◆ **Materials provided**
lemma plug_Y_m_redex_inj:
  assumes "is_Y C1" "is_Y C2" "is_S S1" "is_S S2"
    and "plug C1 (App (plug S1 (Lam s1)) w1) = plug C2 (App (plug S2 (Lam s2)) w2)"
  shows "C1 = C2 \<and> S1 = S2 \<and> s1 = s2 \<and> w1 = w2"
  using assms
proof (induction C1 arbitrary: C2)
  case Hole
  then show ?case
    by (cases C2) (auto dest: plug_S_Lam_inj plug_S_Lam_neq_plug_N_App)
next
  case (AppL C1 t)
  then show ?case
    by (cases C2) (auto simp: plug_S_Lam_neq_plug_N_App[THEN not_sym] dest: is_N_imp_is_Y)
next
  case (SubL C1 t)
  then show ?case by (cases C2) (auto dest: is_ans_plug_Y)
next
  case (SubR a C1)
  then show ?case by (cases C2) (auto dest: is_ans_plug_Y)
qed auto

lemma plug_Y_Var_inj:
  "is_Y C1 \<Longrightarrow> is_Y C2 \<Longrightarrow> plug C1 (Var i) = plug C2 (Var j) \<Longrightarrow> C1 = C2 \<and> i = j"
proof (induction C1 arbitrary: C2)
  case Hole
  then show ?case by (cases C2) auto
next
  case (AppL C1 t)
  then show ?case by (cases C2) (auto dest: is_N_imp_is_Y)
next
  case (SubL C1 t)
  then show ?case by (cases C2) (auto dest: is_ans_plug_Y)
next
  case (SubR a C1)
  then show ?case by (cases C2) (auto dest: is_ans_plug_Y)
qed auto

lemma comp_SubL_inj:
  "comp A1 (SubL C1 w1) = comp A2 (SubL C2 w2) \<Longrightarrow> depth C1 = depth C2 \<Longrightarrow>
   A1 = A2 \<and> C1 = C2 \<and> w1 = w2"
proof (induction A1 arbitrary: A2)
  case Hole
  then show ?case
    by (cases A2) (auto dest: arg_cong[where f = depth])
next
  case (SubL A1 t)
  then show ?case
    by (cases A2) (auto dest: arg_cong[where f = depth])
qed (case_tac A2; auto)+
(* Let $b\ge0$ and $0=x_0\le x_1\le\dots\le x_{n-1}\le x_n=b$. Let $f_j:[x_{j-1},x_j]\to\mathbb F$ be continuous for $j=1,\dots,n$, and let $c_k^j$ ($j=0,\dots,n-1$, $k=0,\dots,j$) be positive real constants with $c_0^j=1$. Then there exists a sequence of polynomials $(p_m)_{m\in\mathbb N}$ such that, for every $j=1,\dots,n$, $$\sum_{k=0}^{j-1}c_k^{j-1}p_m^{(k)}\longrightarrow f_j\quad\text{uniformly on }[x_{j-1},x_j]\text{ as }m\to\infty,$$ i.e. $p_m\to f_1$ on $[x_0,x_1]$, $p_m+c_1^1p_m'\to f_2$ on $[x_1,x_2]$, $\dots$, $p_m+c_1^{n-1}p_m'+\dots+c_{n-1}^{n-1}p_m^{(n-1)}\to f_n$ on $[x_{n-1},x_n]$.
   Context: $\mathbb F\in\{\mathbb R,\mathbb C\}$. Intervals $[x_{j-1},x_j]$ may be degenerate (single points), in which case uniform convergence on them means convergence at that point. *)

theory Defs
  imports "HOL-Analysis.Analysis" "HOL-Computational_Algebra.Polynomial"
begin

end

theory Submission
  imports Defs
begin

(* Induction on the number of intervals. Suppose p approximates the first n pieces and let
   L = sum_{k<=n} c_n_k D^k. One adds a polynomial r whose derivatives of order < n are uniformly
   small on [x_0, x_n], so that the earlier approximations survive, while L r approximates
   f_{n+1} - L p on [x_n, x_{n+1}].
   Since c_n_0 = 1, L minus the identity lowers the degree, so L maps the polynomials onto
   themselves and a Weierstrass approximant of the target is L s for a polynomial s. Subtracting
   a truncated power series solution y of L y = 0 with the same derivatives as s at x_n gives r0
   whose derivatives of order < n vanish at x_n. Finally the n-th derivative of r0 is cut off to
   the left of x_n, approximated by a polynomial and integrated n times from x_n; this is r.
   The complex case follows by treating real and imaginary parts separately. *)

section \<open>Polynomial approximation and calculus\<close>

lemma Weierstrass_real_poly:
  fixes f :: "real \<Rightarrow> real"
  assumes "compact S" "continuous_on S f" "0 < e"
  obtains p where "\<And>t. t \<in> S \<Longrightarrow> \<bar>f t - poly p t\<bar> < e"
proof -
  obtain g where g: "real_polynomial_function g" "\<And>t. t \<in> S \<Longrightarrow> \<bar>f t - g t\<bar> < e"
    using Stone_Weierstrass_real_polynomial_function[OF assms] by blast
  obtain a n where "g = (\<lambda>t. \<Sum>i\<le>n. a i * t ^ i)"
    using real_polynomial_function_imp_sum[OF g(1)] by blast
  then have "g t = poly (\<Sum>i\<le>n. monom (a i) i) t" for t
    by (simp add: poly_sum poly_monom)
  then show ?thesis using g(2) that by auto
qed

lemma higher_pderiv_diff:
  "(pderiv ^^ n) (p - q) = (pderiv ^^ n) p - (pderiv ^^ n) (q :: 'a::idom poly)"
  by (induction n) (simp_all add: pderiv_diff)

lemma pderiv_sum: "pderiv (sum f A) = (\<Sum>x\<in>A. pderiv (f x))"
  using higher_pderiv_sum[of 1 f A] by simp

lemma pderiv_surj:
  fixes p :: "'a::field_char_0 poly"
  obtains r where "pderiv r = p" "poly r a = 0"
proof -
  define r where "r = (\<Sum>i\<le>degree p. monom (coeff p i / of_nat (Suc i)) (Suc i))"
  have "pderiv r = (\<Sum>i\<le>degree p. monom (coeff p i) i)"
    unfolding r_def pderiv_sum pderiv_monom by (intro sum.cong) (simp_all del: of_nat_Suc)
  also have "\<dots> = p" by (rule poly_as_sum_of_monoms)
  finally show ?thesis
    by (intro that[of "r - [:poly r a:]"]) (simp_all add: pderiv_diff)
qed
lemma Xplus_condII:
  assumes "B \<in> Xplus N"
  shows "N \<notin> \<Union>B" "s \<noteq> 0 \<Longrightarrow> odd s" "s \<noteq> 0 \<Longrightarrow> caseI N B \<or> caseII N B"
  using assms card_B0 unfolding Xplus_def condII_def supp_def Let_def by auto

lemma weight_eps'_caseI:
  assumes Bp: "B \<in> Xplus N" and s0: "s \<noteq> 0" and cI: "caseI N B"
  shows "odd (uB N B)" "parity_sign (xs ! 0) = -1" "weight (eps' N B) = - (int s + 1)"
proof -
  define u where "u = uB N B"
  have sp: "split_point B 1 (xs ! 0 - 1) u"
    unfolding u_def using s0 cI by (rule uB_caseI)
  then have c1: "cov0 B {1..u - 1}" and "1 \<le> u"
    unfolding split_point_def by auto
  then show odd_u: "odd (uB N B)"
    using cov0_card_even[OF PN_B c1] unfolding u_def by simp
  have "cov1 B {1..xs ! 0 - 1}" and c3: "cov0 B {xs ! (2 * s - 1) + 1..N - 1}"
    using cI unfolding caseI_def Let_def istar_eq hd_last_xs[OF s0] by auto
  moreover have "1 \<le> xs ! 0"
    using nth_range s0 by auto
  ultimately show w0: "parity_sign (xs ! 0) = -1"
    using cov1_card_odd[OF PN_B] by (fastforce simp: parity_sign_def)
  have odd: "odd s"
    using Xplus_condII(2)[OF Bp s0] .
  have "eps' N B = sdiff (sdiff (fsum (dbr N) B) {N}) {1..u}"
    using Xplus_not_Xminus[OF Bp] Bp odd odd_u s0 unfolding eps'_def card_B0 u_def by simp
  then show "weight (eps' N B) = - (int s + 1)"
    using weight_sdiff_caseI[OF Xplus_condII(1)[OF Bp] odd c3 sp] w0 by simp
qed

lemma weight_eps'_caseII:
  assumes N: "odd N" and Bp: "B \<in> Xplus N" and s0: "s \<noteq> 0" and cII: "caseII N B"
  shows "even (uB N B)" "parity_sign (xs ! 0) = 1" "weight (eps' N B) = int s + 1"
proof -
  define u where "u = uB N B"
  have sp: "split_point B (xs ! (2 * s - 1) + 1) (N - 1) u"
    unfolding u_def using Xplus_condII(1)[OF Bp] s0 cII by (rule uB_caseII)
  then have c2: "cov0 B {u + 1..N - 1}" and "u \<le> N - 1"
    unfolding split_point_def by auto
  then show even_u: "even (uB N B)"
    using cov0_card_even[OF PN_B c2] N unfolding u_def by simp presburger
  have c0: "cov0 B {1..xs ! 0 - 1}"
    using cII unfolding caseII_def Let_def istar_eq hd_last_xs[OF s0] by auto
  moreover have "1 \<le> xs ! 0"
    using nth_range s0 by auto
  ultimately show w0: "parity_sign (xs ! 0) = 1"
    using cov0_card_even[OF PN_B c0] by (simp add: parity_sign_def)
  have odd: "odd s"
    using Xplus_condII(2)[OF Bp s0] .
  have "eps' N B = sdiff (fsum (dbr N) B) {u..N}"
    using Xplus_not_Xminus[OF Bp] Bp odd even_u s0 unfolding eps'_def card_B0 u_def by simp
  then show "weight (eps' N B) = int s + 1"
    using weight_sdiff_caseII[OF Xplus_condII(1)[OF Bp] odd c0 sp] w0 by simp
qed

lemma weight_eps'_Xminus:
  assumes "B \<in> Xminus N"
  shows "weight (eps' N B) = parity_sign (xs ! 0) * (if odd s then int s + 1 else - int s)"
    and "s = 0 \<or> parity_sign (xs ! 0) = 1"
proof -
  have "condI N B"
    using assms unfolding Xminus_def condIII_def by blast
  then have cov: "s = 0 \<or> cov0 B {1..xs ! 0 - 1} \<and> cov0 B {xs ! (2 * s - 1) + 1..N}"
    unfolding condI_def Let_def istar_eq card_B0 using hd_last_xs by auto
  moreover have "eps' N B = fsum (dbr N) B"
    using assms unfolding eps'_def by simp
  ultimately show "weight (eps' N B) = parity_sign (xs ! 0) * (if odd s then int s + 1 else - int s)"
    by (simp add: weight_fsum_dbr)
  show "s = 0 \<or> parity_sign (xs ! 0) = 1"
  proof (cases "s = 0")
    case False
    then have "even (xs ! 0 - 1)" "1 \<le> xs ! 0"
      using cov cov0_card_even[OF PN_B] nth_range by fastforce+
    then show ?thesis
      by (simp add: parity_sign_def)
  qed simp
qed

lemma weight_eps'_Xplus:
  assumes N: "odd N" and Bp: "B \<in> Xplus N"
  shows "weight (eps' N B) = parity_sign (xs ! 0) * (if odd s then int s + 1 else - int s)"
    and "odd s \<or> s = 0"
proof -
  have "weight (eps' N B) = parity_sign (xs ! 0) * (if odd s then int s + 1 else - int s)
      \<and> (odd s \<or> s = 0)"
  proof (cases "s = 0")
    case True
    then have "eps' N B = fsum (dbr N) B"
      using Bp unfolding eps'_def card_B0 by simp
    then show ?thesis
      using weight_fsum_dbr True by simp
  next
    case False
    then have "odd s" "caseI N B \<or> caseII N B"
      using Xplus_condII[OF Bp] by auto
    then show ?thesis
      using weight_eps'_caseI[OF Bp False] weight_eps'_caseII[OF N Bp False] by auto
  qed
  then show "weight (eps' N B) = parity_sign (xs ! 0) * (if odd s then int s + 1 else - int s)"
    and "odd s \<or> s = 0"
    by auto
qed

lemma weight_eps'_XX:
  assumes "odd N" "B \<in> XX N"
  shows "weight (eps' N B) = parity_sign (xs ! 0) * (if odd s then int s + 1 else - int s)"
    and "odd s \<or> s = 0 \<or> parity_sign (xs ! 0) = 1"
  using assms weight_eps'_Xminus weight_eps'_Xplus unfolding XX_def by auto

lemma weight_span_le_eps':
  assumes N: "odd N" and B: "B \<in> XX N" and E: "E \<in> span2 B"
  shows "\<bar>1 - 2 * weight E\<bar> \<le> \<bar>1 - 2 * weight (eps' N B)\<bar>"
proof -
  obtain K where K: "K \<subseteq> {..<s}" "weight E = 2 * parity_sign (xs ! 0) * (\<Sum>k\<in>K. (-1) ^ k)"
    using E by (rule weight_span)
  have "\<bar>1 - 4 * parity_sign (xs ! 0) * (\<Sum>k\<in>K. (-1) ^ k)\<bar>
      \<le> \<bar>1 - 2 * parity_sign (xs ! 0) * (if odd s then int s + 1 else - int s)\<bar>"
    using parity_sign_cases K(1) weight_eps'_XX(2)[OF N B] by (rule abs_alternating_sum_le)
  then show ?thesis
    unfolding K(2) weight_eps'_XX(1)[OF N B] by (simp add: algebra_simps)
qed

lemma weight_eps'_Xtp:
  assumes N: "odd N" and B: "B \<in> Xtp N t"
  shows "weight (eps' N B) = - t"
proof -
  have Bp: "B \<in> Xplus N"
    using B unfolding Xtp_def by blast
  consider "t = 0" "s = 0" | "t \<ge> 2" "int s = t - 1" "odd (uB N B)"
    | "t \<le> -2" "int s = - t - 1" "even (uB N B)"
    using B card_B0 unfolding Xtp_def by auto
  then show ?thesis
  proof cases
    case 1
    then show ?thesis
      using weight_eps'_Xplus(1)[OF N Bp] by simp
  next
    case 2
    then have "s \<noteq> 0" "\<not> caseII N B"
      using weight_eps'_caseII(1)[OF N Bp] by auto
    then show ?thesis
      using 2 Xplus_condII(3)[OF Bp] weight_eps'_caseI(3)[OF Bp] by auto
  next
    case 3
    then have "s \<noteq> 0" "\<not> caseI N B"
      using weight_eps'_caseI(1)[OF Bp] by auto
    then show ?thesis
      using 3 Xplus_condII(3)[OF Bp] weight_eps'_caseII(3)[OF N Bp] by auto
  qed
qed

end

section \<open>Monotonicity along the order\<close>

lemma star_sequence_exists:
  assumes "starP N B"
  obtains xs where "star_sequence N B xs (length xs div 2)"
  using assms unfolding starP_def by (auto intro: that simp: star_sequence_def starP_def)

lemma weight_span_le_eps':
  assumes "odd N" "B \<in> XX N" "E \<in> span2 B"
  shows "\<bar>1 - 2 * weight E\<bar> \<le> \<bar>1 - 2 * weight (eps' N B)\<bar>"
proof -
  obtain xs where "star_sequence N B xs (length xs div 2)"
    using XX_starP[OF assms(2)] by (rule star_sequence_exists)
  then show ?thesis
    using assms by (rule star_sequence.weight_span_le_eps')
qed

lemma weight_eps'_Xtp:
  assumes "odd N" "B \<in> Xtp N t"
  shows "weight (eps' N B) = - t"
proof -
  have "starP N B"
    using assms(2) unfolding Xtp_def Xplus_def by blast
  then obtain xs where "star_sequence N B xs (length xs div 2)"
    by (rule star_sequence_exists)
  then show ?thesis
    using assms by (rule star_sequence.weight_eps'_Xtp)
qed

lemma preceq_weight_eps'_mono:
  assumes N: "odd N" and "preceq N B' B"
  shows "\<bar>1 - 2 * weight (eps' N B')\<bar> \<le> \<bar>1 - 2 * weight (eps' N B)\<bar>"
proof -
  have "(step N)\<^sup>*\<^sup>* B' B"
    using assms(2) unfolding preceq_def by blast
  then show ?thesis
  proof (induction rule: rtranclp_induct)
    case (step C D)
    then have "\<bar>1 - 2 * weight (eps' N C)\<bar> \<le> \<bar>1 - 2 * weight (eps' N D)\<bar>"
      using weight_span_le_eps'[OF N] unfolding step_def by blast
    then show ?case
      using step.IH by linarith
  qed simp
qed

theorem mainTheorem8:
  fixes N :: nat and t t' :: int and B B' :: "nat set set"
  assumes "N \<ge> 3" and "odd N"
    and "even t" and "even t'"
    and "B' \<in> Xtp N t'" and "B \<in> Xtp N t"
    and "preceq N B' B"
    and "t < 0"
  shows "t' = t \<or> \<bar>t'\<bar> < \<bar>t\<bar>"
proof -
  have "\<bar>1 + 2 * t'\<bar> \<le> \<bar>1 + 2 * t\<bar>"
    using preceq_weight_eps'_mono[OF assms(2,7)] weight_eps'_Xtp[OF assms(2)] assms(5,6) by simp
  then show ?thesis
    using assms(8) by linarith
qed

end
lemma reduce_support_preserving_moments:
  fixes m :: "'t \<Rightarrow> 'z \<Rightarrow> real"
  assumes T: "finite T" and S: "finite S" and q: "\<forall>z. 0 \<le> q z"
  shows "\<exists>f. (\<forall>z. 0 \<le> f z) \<and> (\<forall>z. f z \<noteq> 0 \<longrightarrow> z \<in> S \<and> q z \<noteq> 0) \<and>
     card {z\<in>S. f z \<noteq> 0} \<le> card T \<and>
     (\<forall>t\<in>T. (\<Sum>z\<in>S. f z * m t z) = (\<Sum>z\<in>S. q z * m t z))"
  using q
proof (induction "card {z\<in>S. q z \<noteq> 0}" arbitrary: q rule: less_induct)
  case less
  show ?case
  proof (cases "card {z\<in>S. q z \<noteq> 0} \<le> card T")
    case True
    define f where "f z = (if z \<in> S then q z else 0)" for z
    have "{z\<in>S. f z \<noteq> 0} = {z\<in>S. q z \<noteq> 0}" by (auto simp: f_def)
    with True less.prems show ?thesis
      by (intro exI[of _ f]) (auto simp: f_def intro!: sum.cong)
  next
    case False
    then have "card T < card {z\<in>S. q z \<noteq> 0}" by simp
    then obtain q' where q': "\<forall>z. 0 \<le> q' z" "\<forall>z. q' z \<noteq> 0 \<longrightarrow> z \<in> S \<and> q z \<noteq> 0"
      "card {z\<in>S. q' z \<noteq> 0} < card {z\<in>S. q z \<noteq> 0}"
      "\<forall>t\<in>T. (\<Sum>z\<in>S. q' z * m t z) = (\<Sum>z\<in>S. q z * m t z)"
      using reduce_support_preserving_moments_step[OF T S less.prems] by blast
    obtain f where f: "\<forall>z. 0 \<le> f z" "\<forall>z. f z \<noteq> 0 \<longrightarrow> z \<in> S \<and> q' z \<noteq> 0"
      "card {z\<in>S. f z \<noteq> 0} \<le> card T" "\<forall>t\<in>T. (\<Sum>z\<in>S. f z * m t z) = (\<Sum>z\<in>S. q' z * m t z)"
      using less.hyps[OF q'(3,1)] by blast
    have "\<forall>z. f z \<noteq> 0 \<longrightarrow> z \<in> S \<and> q z \<noteq> 0" using f(2) q'(2) by blast
    moreover have "\<forall>t\<in>T. (\<Sum>z\<in>S. f z * m t z) = (\<Sum>z\<in>S. q z * m t z)" using f(4) q'(4) by simp
    ultimately show ?thesis using f(1,3) by blast
  qed
qed

section \<open>Polynomials with bounded exponents\<close>

definition exps_box :: "nat \<Rightarrow> ('n::finite \<Rightarrow> nat) set" where
  "exps_box M = {\<alpha>. \<forall>i. \<alpha> i \<le> M}"

definition vmonom :: "('n::finite \<Rightarrow> nat) \<Rightarrow> real^'n \<Rightarrow> real" where
  "vmonom \<alpha> v = (\<Prod>i\<in>UNIV. (v$i) ^ \<alpha> i)"

definition box_poly :: "nat \<Rightarrow> (real^'n::finite \<Rightarrow> real) \<Rightarrow> bool" where
  "box_poly M h \<longleftrightarrow> (\<exists>c. \<forall>v. h v = (\<Sum>\<alpha>\<in>exps_box M. c \<alpha> * vmonom \<alpha> v))"

lemma exps_box_eq_PiE: "exps_box M = PiE UNIV (\<lambda>_. {..M})"
  by (auto simp: exps_box_def PiE_UNIV_domain)

lemma finite_exps_box [simp]: "finite (exps_box M)"
  unfolding exps_box_eq_PiE by (intro finite_PiE) auto

lemma card_exps_box: "card (exps_box M :: ('n::finite \<Rightarrow> nat) set) = (M + 1) ^ CARD('n)"
  unfolding exps_box_eq_PiE by (simp add: card_PiE)

lemma vmonom_mult: "vmonom \<alpha> v * vmonom \<beta> v = vmonom (\<lambda>i. \<alpha> i + \<beta> i) v"
  by (simp add: vmonom_def power_add prod.distrib)

lemma vmonom_zero: "vmonom (\<lambda>_. 0) v = 1"
  by (simp add: vmonom_def)

lemma vmonom_axis: "vmonom (\<lambda>j. if j = i then k else 0) v = (v$i) ^ k"
  by (simp add: vmonom_def if_distrib prod.delta cong: if_cong)

lemma box_poly_vmonom: "\<alpha> \<in> exps_box M \<Longrightarrow> box_poly M (vmonom \<alpha>)"
  unfolding box_poly_def
proof (intro exI[of _ "\<lambda>\<beta>. if \<beta> = \<alpha> then 1 else 0"] allI)
  fix v assume "\<alpha> \<in> exps_box M"
  then show "vmonom \<alpha> v = (\<Sum>\<beta>\<in>exps_box M. (if \<beta> = \<alpha> then 1 else 0) * vmonom \<beta> v)"
  proof -
    have "(\<Sum>\<beta>\<in>exps_box M. (if \<beta> = \<alpha> then 1 else 0) * vmonom \<beta> v)
        = (\<Sum>\<beta>\<in>exps_box M. if \<beta> = \<alpha> then vmonom \<beta> v else 0)"
      by (intro sum.cong) auto
    with \<open>\<alpha> \<in> exps_box M\<close> show ?thesis by (simp add: sum.delta')
  qed
qed

lemma box_poly_zero: "box_poly M (\<lambda>v. 0)"
  unfolding box_poly_def by (rule exI[of _ "\<lambda>_. 0"]) simp

lemma box_poly_add:
  assumes "box_poly M f" "box_poly M g"
  shows "box_poly M (\<lambda>v. f v + g v)"
proof -
  obtain c d where "\<forall>v. f v = (\<Sum>\<alpha>\<in>exps_box M. c \<alpha> * vmonom \<alpha> v)"
    "\<forall>v. g v = (\<Sum>\<alpha>\<in>exps_box M. d \<alpha> * vmonom \<alpha> v)"
    using assms unfolding box_poly_def by blast
  then show ?thesis unfolding box_poly_def
    by (intro exI[of _ "\<lambda>\<alpha>. c \<alpha> + d \<alpha>"]) (simp add: distrib_right sum.distrib)
qed

lemma box_poly_scale:
  assumes "box_poly M f"
  shows "box_poly M (\<lambda>v. r * f v)"
proof -
  obtain c where "\<forall>v. f v = (\<Sum>\<alpha>\<in>exps_box M. c \<alpha> * vmonom \<alpha> v)"
    using assms unfolding box_poly_def by blast
  then show ?thesis unfolding box_poly_def
    by (intro exI[of _ "\<lambda>\<alpha>. r * c \<alpha>"]) (simp add: sum_distrib_left mult_ac)
qed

◆ **What the exercise asks**
With the line containing "qed (case_tac A2; auto)+" as the last one, please set down exactly the lines of the records above from their very first line, and nothing more.

◆ **Exercise response**
lemma plug_Y_m_redex_inj:
  assumes "is_Y C1" "is_Y C2" "is_S S1" "is_S S2"
    and "plug C1 (App (plug S1 (Lam s1)) w1) = plug C2 (App (plug S2 (Lam s2)) w2)"
  shows "C1 = C2 \<and> S1 = S2 \<and> s1 = s2 \<and> w1 = w2"
  using assms
proof (induction C1 arbitrary: C2)
  case Hole
  then show ?case
    by (cases C2) (auto dest: plug_S_Lam_inj plug_S_Lam_neq_plug_N_App)
next
  case (AppL C1 t)
  then show ?case
    by (cases C2) (auto simp: plug_S_Lam_neq_plug_N_App[THEN not_sym] dest: is_N_imp_is_Y)
next
  case (SubL C1 t)
  then show ?case by (cases C2) (auto dest: is_ans_plug_Y)
next
  case (SubR a C1)
  then show ?case by (cases C2) (auto dest: is_ans_plug_Y)
qed auto

lemma plug_Y_Var_inj:
  "is_Y C1 \<Longrightarrow> is_Y C2 \<Longrightarrow> plug C1 (Var i) = plug C2 (Var j) \<Longrightarrow> C1 = C2 \<and> i = j"
proof (induction C1 arbitrary: C2)
  case Hole
  then show ?case by (cases C2) auto
next
  case (AppL C1 t)
  then show ?case by (cases C2) (auto dest: is_N_imp_is_Y)
next
  case (SubL C1 t)
  then show ?case by (cases C2) (auto dest: is_ans_plug_Y)
next
  case (SubR a C1)
  then show ?case by (cases C2) (auto dest: is_ans_plug_Y)
qed auto

lemma comp_SubL_inj:
  "comp A1 (SubL C1 w1) = comp A2 (SubL C2 w2) \<Longrightarrow> depth C1 = depth C2 \<Longrightarrow>
   A1 = A2 \<and> C1 = C2 \<and> w1 = w2"
proof (induction A1 arbitrary: A2)
  case Hole
  then show ?case
    by (cases A2) (auto dest: arg_cong[where f = depth])
next
  case (SubL A1 t)
  then show ?case
    by (cases A2) (auto dest: arg_cong[where f = depth])
qed (case_tac A2; auto)+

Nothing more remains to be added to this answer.